ACTION ITEM
Only one stretch of the data below is wanted: the lines starting at the one with "fix y assume" and ending at the one with "using tx xc", both included, given again exactly.

MATERIAL SUPPLIED

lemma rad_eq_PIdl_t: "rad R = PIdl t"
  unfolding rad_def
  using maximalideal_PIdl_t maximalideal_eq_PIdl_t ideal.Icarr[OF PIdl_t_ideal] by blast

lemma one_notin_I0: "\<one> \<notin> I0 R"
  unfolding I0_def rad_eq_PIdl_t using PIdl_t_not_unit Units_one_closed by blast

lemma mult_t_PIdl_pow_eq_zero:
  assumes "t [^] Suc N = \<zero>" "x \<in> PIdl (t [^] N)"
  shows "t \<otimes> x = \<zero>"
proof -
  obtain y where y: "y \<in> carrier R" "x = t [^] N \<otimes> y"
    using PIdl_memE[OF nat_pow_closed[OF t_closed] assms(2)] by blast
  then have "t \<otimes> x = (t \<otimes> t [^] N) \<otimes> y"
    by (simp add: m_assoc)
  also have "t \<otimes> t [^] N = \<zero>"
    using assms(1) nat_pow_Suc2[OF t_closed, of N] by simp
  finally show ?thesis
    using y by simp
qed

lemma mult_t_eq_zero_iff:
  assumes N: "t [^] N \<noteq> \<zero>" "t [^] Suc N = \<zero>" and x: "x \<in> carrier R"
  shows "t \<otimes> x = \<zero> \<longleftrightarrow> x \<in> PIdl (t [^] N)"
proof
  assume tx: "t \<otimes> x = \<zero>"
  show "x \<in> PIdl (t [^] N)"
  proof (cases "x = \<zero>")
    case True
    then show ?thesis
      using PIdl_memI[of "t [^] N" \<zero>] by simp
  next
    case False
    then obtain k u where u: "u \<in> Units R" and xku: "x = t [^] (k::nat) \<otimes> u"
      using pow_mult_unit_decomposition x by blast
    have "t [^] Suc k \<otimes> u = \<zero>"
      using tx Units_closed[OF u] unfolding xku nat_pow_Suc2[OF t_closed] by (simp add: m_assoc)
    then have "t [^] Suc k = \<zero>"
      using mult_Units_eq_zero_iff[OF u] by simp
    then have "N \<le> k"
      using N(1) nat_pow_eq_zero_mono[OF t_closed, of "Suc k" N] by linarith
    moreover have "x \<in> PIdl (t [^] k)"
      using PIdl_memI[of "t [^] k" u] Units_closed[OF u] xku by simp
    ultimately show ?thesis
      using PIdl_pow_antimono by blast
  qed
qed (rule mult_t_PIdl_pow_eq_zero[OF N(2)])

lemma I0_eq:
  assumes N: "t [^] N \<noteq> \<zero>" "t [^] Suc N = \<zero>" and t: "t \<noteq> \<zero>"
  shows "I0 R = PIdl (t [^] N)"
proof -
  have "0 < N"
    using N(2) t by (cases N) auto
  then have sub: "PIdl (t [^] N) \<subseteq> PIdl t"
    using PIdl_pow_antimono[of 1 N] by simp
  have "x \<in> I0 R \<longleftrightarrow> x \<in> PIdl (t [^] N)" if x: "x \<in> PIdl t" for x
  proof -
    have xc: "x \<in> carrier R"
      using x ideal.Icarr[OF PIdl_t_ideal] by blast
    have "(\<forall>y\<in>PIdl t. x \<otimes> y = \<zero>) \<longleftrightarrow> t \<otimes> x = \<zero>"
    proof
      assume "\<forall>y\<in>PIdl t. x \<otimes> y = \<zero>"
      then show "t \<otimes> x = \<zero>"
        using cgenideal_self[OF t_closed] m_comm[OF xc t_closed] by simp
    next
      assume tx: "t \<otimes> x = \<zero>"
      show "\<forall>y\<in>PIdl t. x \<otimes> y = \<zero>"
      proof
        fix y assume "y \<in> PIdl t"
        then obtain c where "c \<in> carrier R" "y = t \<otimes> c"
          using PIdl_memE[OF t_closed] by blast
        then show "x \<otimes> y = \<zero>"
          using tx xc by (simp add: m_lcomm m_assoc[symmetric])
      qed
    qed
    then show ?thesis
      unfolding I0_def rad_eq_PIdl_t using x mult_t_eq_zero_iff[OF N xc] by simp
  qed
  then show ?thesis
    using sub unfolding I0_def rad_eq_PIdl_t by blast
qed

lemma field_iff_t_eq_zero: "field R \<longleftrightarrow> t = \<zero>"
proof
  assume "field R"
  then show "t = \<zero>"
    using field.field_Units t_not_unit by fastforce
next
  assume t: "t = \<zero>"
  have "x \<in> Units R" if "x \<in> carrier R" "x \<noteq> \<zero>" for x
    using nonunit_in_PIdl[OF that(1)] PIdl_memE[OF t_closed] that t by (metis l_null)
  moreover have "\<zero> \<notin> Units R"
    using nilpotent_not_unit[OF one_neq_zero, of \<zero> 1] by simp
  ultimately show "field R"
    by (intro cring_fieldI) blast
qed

---

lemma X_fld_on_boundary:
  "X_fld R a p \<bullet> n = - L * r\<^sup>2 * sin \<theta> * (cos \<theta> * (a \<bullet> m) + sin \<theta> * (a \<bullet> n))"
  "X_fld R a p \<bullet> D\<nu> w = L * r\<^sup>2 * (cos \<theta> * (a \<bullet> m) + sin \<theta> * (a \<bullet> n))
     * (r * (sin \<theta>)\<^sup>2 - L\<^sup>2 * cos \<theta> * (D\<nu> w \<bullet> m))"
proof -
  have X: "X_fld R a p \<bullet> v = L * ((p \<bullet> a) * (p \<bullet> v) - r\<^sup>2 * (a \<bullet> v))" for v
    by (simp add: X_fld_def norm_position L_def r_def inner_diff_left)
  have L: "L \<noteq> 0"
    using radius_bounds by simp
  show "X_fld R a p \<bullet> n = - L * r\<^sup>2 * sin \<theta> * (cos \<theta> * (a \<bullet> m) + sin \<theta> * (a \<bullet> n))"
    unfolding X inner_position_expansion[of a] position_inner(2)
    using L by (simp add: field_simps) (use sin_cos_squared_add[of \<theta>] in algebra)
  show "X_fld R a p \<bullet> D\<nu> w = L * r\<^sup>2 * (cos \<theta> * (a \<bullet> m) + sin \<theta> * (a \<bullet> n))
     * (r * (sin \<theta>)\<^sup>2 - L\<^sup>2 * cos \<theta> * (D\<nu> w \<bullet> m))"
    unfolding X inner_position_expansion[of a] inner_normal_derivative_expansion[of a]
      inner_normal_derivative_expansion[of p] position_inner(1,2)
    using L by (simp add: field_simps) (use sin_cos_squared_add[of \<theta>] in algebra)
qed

EXERCISE RESPONSE
        fix y assume "y \<in> PIdl t"
        then obtain c where "c \<in> carrier R" "y = t \<otimes> c"
          using PIdl_memE[OF t_closed] by blast
        then show "x \<otimes> y = \<zero>"
          using tx xc by (simp add: m_lcomm m_assoc[symmetric])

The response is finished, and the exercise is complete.